Problem requirements >>
From the line with "W i \<bullet>" through the line with "with n obtain", repeat the entries verbatim, both end lines included, and add nothing.

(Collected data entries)
--- START ---

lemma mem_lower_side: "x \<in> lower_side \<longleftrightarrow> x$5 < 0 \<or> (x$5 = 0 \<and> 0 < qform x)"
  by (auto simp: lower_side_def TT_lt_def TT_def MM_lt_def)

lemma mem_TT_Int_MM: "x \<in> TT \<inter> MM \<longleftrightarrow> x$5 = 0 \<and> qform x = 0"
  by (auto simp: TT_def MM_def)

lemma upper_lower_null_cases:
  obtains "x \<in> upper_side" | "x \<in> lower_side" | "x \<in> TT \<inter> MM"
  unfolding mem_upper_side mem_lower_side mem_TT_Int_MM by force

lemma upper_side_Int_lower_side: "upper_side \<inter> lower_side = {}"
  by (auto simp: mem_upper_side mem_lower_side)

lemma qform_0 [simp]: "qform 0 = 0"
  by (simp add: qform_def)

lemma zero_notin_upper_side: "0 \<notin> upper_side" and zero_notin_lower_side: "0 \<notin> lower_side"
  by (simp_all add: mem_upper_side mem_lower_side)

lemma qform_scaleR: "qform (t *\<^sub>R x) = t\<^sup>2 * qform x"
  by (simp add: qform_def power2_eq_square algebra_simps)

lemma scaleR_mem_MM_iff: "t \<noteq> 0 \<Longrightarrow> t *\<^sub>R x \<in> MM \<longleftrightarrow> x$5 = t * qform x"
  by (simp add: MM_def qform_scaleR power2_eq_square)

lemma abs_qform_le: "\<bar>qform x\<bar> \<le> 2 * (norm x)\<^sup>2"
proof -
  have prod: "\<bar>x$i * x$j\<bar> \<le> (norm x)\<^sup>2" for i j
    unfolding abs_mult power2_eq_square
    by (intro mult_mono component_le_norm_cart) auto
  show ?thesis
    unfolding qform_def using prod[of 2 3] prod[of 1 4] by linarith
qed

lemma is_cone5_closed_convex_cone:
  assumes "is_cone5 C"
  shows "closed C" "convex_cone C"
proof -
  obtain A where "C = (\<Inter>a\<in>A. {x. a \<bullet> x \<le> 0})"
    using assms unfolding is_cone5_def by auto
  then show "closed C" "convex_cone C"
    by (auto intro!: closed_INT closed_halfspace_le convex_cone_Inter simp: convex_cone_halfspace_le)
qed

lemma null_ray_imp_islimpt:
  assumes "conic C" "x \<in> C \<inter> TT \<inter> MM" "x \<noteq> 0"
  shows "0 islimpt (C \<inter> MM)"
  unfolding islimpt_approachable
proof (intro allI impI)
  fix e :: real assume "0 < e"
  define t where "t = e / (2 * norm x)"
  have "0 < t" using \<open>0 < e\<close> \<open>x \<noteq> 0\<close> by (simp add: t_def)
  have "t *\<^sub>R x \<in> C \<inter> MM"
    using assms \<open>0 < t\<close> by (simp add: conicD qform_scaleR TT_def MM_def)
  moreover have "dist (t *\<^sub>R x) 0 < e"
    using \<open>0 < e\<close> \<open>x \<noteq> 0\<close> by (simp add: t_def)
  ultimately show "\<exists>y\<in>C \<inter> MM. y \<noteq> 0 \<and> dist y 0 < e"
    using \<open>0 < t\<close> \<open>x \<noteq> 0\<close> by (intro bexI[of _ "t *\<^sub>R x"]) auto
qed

--- END ---
--- START ---

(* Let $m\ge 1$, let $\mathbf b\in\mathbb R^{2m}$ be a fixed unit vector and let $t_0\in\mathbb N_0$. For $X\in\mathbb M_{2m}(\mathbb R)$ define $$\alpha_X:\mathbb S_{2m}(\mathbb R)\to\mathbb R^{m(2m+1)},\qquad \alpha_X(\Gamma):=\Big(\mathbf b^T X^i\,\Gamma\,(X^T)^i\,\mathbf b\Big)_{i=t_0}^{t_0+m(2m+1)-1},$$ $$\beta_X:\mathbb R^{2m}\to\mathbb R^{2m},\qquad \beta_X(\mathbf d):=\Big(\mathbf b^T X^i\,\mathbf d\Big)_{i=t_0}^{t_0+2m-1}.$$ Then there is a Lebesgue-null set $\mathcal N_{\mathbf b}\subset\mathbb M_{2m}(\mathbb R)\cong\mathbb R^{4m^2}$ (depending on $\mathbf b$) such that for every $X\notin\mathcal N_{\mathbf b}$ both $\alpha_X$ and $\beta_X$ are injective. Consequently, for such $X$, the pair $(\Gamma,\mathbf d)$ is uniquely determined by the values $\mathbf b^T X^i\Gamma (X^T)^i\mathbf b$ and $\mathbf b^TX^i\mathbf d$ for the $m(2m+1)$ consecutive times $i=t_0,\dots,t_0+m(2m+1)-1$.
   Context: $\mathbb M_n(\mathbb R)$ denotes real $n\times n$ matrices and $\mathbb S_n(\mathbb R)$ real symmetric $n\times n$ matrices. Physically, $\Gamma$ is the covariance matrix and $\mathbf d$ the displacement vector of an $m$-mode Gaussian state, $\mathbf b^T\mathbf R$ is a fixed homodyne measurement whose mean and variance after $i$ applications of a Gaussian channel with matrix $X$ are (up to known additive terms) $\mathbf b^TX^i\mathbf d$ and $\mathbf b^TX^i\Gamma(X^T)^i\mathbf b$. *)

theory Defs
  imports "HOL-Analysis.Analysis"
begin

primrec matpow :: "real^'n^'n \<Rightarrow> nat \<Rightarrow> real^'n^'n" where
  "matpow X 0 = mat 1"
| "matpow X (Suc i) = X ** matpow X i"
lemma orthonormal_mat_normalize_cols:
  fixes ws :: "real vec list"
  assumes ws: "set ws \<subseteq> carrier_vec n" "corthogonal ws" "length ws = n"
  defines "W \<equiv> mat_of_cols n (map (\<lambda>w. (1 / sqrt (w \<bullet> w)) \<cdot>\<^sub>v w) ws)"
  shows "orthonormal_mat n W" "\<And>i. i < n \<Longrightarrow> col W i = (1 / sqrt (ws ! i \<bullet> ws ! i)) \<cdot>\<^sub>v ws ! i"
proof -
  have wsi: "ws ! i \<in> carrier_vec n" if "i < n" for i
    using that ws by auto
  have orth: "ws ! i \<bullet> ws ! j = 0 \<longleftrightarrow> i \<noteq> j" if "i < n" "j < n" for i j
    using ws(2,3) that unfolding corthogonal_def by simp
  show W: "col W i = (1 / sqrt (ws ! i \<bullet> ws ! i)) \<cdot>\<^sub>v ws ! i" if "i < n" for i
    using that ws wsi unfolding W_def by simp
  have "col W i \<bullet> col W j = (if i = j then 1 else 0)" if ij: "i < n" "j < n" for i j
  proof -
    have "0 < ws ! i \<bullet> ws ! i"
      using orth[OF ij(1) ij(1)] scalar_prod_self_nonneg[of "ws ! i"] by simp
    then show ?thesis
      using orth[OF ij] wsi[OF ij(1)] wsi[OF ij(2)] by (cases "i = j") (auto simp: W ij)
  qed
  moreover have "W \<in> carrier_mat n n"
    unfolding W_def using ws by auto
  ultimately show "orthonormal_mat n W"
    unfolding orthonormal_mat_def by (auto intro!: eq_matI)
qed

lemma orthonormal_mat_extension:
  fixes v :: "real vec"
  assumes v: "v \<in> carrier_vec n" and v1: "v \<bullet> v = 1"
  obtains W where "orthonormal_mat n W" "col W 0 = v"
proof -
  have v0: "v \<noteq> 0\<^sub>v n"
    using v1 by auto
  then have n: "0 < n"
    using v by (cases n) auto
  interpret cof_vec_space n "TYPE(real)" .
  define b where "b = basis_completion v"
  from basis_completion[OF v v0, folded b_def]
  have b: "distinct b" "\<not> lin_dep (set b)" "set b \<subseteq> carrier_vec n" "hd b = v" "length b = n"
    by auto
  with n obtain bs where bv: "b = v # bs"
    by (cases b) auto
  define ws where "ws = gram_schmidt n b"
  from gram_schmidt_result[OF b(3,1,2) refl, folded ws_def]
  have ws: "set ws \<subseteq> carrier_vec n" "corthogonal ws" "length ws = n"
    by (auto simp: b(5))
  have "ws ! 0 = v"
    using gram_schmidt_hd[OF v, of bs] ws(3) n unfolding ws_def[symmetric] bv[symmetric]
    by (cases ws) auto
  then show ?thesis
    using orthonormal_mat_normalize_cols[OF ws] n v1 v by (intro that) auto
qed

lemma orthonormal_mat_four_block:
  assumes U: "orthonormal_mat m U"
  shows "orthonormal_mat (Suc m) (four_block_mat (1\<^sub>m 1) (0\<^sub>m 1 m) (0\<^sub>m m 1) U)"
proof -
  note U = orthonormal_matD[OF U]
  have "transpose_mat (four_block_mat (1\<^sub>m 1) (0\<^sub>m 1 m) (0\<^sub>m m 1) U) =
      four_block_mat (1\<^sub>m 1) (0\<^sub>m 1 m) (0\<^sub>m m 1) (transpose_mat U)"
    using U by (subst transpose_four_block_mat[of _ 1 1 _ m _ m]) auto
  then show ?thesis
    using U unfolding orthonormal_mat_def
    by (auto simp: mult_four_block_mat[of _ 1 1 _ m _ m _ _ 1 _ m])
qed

--- END ---

Answer >>
  have "col W i \<bullet> col W j = (if i = j then 1 else 0)" if ij: "i < n" "j < n" for i j
  proof -
    have "0 < ws ! i \<bullet> ws ! i"
      using orth[OF ij(1) ij(1)] scalar_prod_self_nonneg[of "ws ! i"] by simp
    then show ?thesis
      using orth[OF ij] wsi[OF ij(1)] wsi[OF ij(2)] by (cases "i = j") (auto simp: W ij)
  qed
  moreover have "W \<in> carrier_mat n n"
    unfolding W_def using ws by auto
  ultimately show "orthonormal_mat n W"
    unfolding orthonormal_mat_def by (auto intro!: eq_matI)
qed

lemma orthonormal_mat_extension:
  fixes v :: "real vec"
  assumes v: "v \<in> carrier_vec n" and v1: "v \<bullet> v = 1"
  obtains W where "orthonormal_mat n W" "col W 0 = v"
proof -
  have v0: "v \<noteq> 0\<^sub>v n"
    using v1 by auto
  then have n: "0 < n"
    using v by (cases n) auto
  interpret cof_vec_space n "TYPE(real)" .
  define b where "b = basis_completion v"
  from basis_completion[OF v v0, folded b_def]
  have b: "distinct b" "\<not> lin_dep (set b)" "set b \<subseteq> carrier_vec n" "hd b = v" "length b = n"
    by auto
  with n obtain bs where bv: "b = v # bs"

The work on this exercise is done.